> _What the task asks_: Filter the entries down to the lines containing "linarith", and copy those lines.
*** Opening Working data ***
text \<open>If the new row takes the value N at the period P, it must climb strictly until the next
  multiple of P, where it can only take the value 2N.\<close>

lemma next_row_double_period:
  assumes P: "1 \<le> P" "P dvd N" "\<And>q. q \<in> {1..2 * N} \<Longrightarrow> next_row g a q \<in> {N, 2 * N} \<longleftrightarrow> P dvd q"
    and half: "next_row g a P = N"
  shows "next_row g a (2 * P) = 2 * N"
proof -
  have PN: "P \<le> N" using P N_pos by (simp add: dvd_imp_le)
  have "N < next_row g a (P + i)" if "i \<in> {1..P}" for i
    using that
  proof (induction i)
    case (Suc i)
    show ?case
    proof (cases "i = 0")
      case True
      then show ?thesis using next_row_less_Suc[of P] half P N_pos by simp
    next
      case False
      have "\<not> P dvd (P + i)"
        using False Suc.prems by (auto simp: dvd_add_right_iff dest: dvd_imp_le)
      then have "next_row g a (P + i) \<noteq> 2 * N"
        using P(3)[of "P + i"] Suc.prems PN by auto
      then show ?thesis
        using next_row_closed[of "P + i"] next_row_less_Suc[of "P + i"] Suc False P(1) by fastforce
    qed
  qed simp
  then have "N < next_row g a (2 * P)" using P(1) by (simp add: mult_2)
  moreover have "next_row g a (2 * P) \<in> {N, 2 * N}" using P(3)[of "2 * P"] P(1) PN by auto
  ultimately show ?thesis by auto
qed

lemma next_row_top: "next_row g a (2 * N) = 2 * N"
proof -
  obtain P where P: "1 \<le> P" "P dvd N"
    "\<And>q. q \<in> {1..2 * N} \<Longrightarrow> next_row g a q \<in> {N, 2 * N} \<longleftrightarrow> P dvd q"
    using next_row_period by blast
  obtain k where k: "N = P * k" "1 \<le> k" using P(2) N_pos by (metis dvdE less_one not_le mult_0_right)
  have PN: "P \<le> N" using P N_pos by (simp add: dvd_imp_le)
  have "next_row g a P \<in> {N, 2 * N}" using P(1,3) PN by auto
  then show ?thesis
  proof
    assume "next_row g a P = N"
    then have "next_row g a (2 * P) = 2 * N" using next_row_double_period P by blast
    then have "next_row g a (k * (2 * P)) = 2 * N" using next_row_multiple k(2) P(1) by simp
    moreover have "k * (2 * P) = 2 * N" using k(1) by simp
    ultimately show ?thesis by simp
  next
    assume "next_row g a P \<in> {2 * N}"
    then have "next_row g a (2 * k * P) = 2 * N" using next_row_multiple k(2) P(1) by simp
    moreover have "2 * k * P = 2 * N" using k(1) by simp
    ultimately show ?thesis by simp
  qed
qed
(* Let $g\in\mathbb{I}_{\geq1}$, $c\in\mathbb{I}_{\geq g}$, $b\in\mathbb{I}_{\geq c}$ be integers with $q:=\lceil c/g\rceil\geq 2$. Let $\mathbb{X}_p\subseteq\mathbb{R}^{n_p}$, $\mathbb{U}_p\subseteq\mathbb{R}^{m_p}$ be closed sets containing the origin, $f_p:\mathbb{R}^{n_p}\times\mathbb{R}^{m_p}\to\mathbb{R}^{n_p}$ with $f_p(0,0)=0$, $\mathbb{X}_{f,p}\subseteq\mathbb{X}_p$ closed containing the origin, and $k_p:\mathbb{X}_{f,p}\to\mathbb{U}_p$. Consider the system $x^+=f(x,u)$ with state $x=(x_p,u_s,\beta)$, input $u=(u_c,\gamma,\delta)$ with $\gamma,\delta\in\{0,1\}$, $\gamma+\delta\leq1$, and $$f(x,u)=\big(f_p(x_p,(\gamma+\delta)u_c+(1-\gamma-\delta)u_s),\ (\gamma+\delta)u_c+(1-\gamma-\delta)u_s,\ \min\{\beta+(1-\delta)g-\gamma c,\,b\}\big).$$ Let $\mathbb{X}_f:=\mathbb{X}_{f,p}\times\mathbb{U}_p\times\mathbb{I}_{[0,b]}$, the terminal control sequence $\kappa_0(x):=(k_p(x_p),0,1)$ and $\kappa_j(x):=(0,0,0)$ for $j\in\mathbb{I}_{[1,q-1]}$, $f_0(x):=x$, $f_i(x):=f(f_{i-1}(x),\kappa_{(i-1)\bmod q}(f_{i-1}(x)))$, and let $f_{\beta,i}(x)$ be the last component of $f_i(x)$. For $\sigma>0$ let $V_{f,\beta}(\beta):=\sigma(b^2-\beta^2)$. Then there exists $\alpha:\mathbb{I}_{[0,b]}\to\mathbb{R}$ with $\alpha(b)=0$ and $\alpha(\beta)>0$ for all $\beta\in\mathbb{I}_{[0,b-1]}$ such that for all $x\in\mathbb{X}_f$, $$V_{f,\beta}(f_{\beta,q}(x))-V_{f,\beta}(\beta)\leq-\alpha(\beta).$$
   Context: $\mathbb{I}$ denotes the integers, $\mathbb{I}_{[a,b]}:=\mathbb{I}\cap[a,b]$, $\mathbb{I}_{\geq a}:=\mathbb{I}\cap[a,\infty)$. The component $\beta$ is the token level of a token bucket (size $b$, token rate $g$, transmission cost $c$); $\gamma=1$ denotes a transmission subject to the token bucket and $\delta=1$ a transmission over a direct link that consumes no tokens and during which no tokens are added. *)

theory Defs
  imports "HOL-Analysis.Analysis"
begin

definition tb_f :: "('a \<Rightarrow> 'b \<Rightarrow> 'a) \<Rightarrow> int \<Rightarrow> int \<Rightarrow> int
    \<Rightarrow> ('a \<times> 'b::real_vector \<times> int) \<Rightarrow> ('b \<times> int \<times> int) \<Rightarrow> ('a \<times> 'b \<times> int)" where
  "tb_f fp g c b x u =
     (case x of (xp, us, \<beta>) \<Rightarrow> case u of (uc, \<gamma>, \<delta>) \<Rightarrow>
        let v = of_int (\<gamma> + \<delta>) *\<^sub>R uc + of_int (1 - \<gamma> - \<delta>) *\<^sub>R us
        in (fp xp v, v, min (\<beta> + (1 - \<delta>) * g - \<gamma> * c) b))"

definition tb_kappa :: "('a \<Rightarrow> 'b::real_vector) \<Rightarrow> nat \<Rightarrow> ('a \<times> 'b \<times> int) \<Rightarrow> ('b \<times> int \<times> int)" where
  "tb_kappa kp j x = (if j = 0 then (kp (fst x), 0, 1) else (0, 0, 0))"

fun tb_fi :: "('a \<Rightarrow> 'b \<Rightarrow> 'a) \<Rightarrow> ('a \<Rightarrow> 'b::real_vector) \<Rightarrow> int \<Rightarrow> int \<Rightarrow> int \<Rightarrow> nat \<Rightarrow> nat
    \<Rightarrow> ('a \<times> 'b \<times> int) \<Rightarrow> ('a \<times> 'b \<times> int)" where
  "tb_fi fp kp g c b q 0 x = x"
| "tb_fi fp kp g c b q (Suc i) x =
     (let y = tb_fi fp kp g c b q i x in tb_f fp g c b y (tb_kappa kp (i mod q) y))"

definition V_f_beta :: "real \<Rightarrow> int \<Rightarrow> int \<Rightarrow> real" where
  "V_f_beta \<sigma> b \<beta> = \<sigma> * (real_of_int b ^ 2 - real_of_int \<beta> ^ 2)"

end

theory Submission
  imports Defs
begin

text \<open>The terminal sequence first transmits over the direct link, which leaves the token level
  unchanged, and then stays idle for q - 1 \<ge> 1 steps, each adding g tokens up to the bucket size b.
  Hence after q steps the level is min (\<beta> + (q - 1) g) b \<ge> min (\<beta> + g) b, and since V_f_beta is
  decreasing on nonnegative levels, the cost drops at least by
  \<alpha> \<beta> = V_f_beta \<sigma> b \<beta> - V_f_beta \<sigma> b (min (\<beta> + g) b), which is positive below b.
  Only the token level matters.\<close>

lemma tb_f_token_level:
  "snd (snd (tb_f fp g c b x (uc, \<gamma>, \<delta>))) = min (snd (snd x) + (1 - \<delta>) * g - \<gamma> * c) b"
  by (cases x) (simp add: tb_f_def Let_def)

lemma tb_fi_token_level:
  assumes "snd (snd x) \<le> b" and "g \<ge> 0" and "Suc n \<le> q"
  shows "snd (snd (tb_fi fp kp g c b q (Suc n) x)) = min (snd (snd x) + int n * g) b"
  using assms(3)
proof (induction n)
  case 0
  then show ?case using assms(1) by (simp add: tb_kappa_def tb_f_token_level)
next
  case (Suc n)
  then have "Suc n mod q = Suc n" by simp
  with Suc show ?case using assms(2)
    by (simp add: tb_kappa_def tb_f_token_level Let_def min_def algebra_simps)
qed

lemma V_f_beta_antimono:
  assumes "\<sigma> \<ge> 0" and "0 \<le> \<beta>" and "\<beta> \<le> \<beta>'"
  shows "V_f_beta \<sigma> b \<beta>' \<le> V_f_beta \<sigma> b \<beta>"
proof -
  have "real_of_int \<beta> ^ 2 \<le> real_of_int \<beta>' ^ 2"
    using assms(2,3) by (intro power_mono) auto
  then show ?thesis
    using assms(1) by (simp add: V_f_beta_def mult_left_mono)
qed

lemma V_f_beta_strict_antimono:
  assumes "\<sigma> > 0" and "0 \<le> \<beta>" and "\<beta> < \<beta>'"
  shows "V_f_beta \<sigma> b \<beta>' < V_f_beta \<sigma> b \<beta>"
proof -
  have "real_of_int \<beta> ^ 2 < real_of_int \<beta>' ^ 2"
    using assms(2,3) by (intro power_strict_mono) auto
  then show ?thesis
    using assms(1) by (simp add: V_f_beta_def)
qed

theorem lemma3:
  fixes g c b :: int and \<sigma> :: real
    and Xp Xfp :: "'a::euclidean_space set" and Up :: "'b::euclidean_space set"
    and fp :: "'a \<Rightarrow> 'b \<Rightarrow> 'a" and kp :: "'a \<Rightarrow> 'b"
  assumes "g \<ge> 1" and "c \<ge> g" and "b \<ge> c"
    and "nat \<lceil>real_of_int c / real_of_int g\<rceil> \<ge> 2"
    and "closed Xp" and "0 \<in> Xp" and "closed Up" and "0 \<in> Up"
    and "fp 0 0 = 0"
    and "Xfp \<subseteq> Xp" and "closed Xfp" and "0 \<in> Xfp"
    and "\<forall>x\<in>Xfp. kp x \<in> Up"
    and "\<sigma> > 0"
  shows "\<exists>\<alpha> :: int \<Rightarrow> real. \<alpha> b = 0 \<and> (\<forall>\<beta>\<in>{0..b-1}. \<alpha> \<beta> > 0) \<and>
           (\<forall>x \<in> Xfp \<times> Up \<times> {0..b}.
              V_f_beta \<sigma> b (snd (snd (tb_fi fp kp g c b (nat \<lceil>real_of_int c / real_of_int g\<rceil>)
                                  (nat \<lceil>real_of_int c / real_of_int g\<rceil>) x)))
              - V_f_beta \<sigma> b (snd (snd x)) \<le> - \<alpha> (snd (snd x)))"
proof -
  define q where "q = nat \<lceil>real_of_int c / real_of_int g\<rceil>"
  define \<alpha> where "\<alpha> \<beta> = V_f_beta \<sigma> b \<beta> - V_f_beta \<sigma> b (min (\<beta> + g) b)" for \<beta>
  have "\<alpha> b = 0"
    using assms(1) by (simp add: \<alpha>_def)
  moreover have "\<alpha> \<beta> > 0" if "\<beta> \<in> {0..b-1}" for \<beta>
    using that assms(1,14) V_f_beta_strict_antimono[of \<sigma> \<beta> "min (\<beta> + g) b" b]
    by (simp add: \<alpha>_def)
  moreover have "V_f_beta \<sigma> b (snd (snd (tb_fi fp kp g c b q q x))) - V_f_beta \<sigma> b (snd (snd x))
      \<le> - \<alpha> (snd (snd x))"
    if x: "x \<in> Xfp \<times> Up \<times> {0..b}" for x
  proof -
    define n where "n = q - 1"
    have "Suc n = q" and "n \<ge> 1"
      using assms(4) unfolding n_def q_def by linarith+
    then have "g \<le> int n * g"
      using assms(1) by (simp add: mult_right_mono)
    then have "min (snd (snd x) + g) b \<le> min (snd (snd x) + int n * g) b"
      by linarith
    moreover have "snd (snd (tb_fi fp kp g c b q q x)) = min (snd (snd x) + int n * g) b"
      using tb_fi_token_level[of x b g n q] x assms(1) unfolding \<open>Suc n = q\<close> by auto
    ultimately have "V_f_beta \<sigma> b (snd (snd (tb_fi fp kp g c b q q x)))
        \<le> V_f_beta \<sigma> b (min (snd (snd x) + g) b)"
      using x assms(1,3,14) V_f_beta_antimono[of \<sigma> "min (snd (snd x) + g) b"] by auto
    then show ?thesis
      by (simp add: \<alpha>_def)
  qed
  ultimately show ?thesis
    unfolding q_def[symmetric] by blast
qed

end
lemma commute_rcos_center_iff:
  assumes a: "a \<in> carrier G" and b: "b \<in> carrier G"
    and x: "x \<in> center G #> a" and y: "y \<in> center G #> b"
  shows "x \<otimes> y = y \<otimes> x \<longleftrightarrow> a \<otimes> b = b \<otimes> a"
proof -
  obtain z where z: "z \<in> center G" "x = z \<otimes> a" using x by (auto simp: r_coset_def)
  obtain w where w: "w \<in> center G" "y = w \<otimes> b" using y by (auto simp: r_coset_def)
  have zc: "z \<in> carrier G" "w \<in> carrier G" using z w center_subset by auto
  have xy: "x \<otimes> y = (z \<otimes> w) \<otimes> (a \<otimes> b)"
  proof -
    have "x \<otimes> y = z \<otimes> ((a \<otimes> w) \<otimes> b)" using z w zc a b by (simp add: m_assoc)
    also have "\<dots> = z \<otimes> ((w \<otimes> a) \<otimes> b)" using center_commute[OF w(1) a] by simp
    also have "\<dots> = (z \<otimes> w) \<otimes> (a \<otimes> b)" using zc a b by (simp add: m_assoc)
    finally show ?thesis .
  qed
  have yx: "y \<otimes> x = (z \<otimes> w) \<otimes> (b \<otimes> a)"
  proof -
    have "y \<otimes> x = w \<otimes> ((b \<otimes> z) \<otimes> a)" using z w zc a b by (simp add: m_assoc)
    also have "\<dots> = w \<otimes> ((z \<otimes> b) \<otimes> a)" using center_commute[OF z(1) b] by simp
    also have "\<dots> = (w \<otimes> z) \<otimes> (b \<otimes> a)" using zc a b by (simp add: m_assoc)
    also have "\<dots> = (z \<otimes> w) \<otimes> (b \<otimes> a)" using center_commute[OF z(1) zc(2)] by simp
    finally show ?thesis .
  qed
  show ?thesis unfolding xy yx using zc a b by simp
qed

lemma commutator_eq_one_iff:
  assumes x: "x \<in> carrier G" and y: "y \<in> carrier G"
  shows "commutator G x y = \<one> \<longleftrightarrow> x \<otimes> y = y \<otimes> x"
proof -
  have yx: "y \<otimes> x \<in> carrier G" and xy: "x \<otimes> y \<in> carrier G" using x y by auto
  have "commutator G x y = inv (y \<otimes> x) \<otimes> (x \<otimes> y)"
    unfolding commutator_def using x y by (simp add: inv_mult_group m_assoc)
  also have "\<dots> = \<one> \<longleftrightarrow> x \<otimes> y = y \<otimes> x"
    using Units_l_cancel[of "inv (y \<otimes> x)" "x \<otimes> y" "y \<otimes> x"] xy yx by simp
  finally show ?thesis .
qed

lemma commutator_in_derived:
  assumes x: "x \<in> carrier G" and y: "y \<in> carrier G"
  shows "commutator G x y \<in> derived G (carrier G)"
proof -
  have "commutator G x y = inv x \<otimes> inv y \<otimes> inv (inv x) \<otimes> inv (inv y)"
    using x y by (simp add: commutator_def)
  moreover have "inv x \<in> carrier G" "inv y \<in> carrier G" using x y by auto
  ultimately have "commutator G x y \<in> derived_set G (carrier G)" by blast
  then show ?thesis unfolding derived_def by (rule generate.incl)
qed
*** Closing Working data ***
> _Solution to this exercise_:
      using assms(4) unfolding n_def q_def by linarith+
      by linarith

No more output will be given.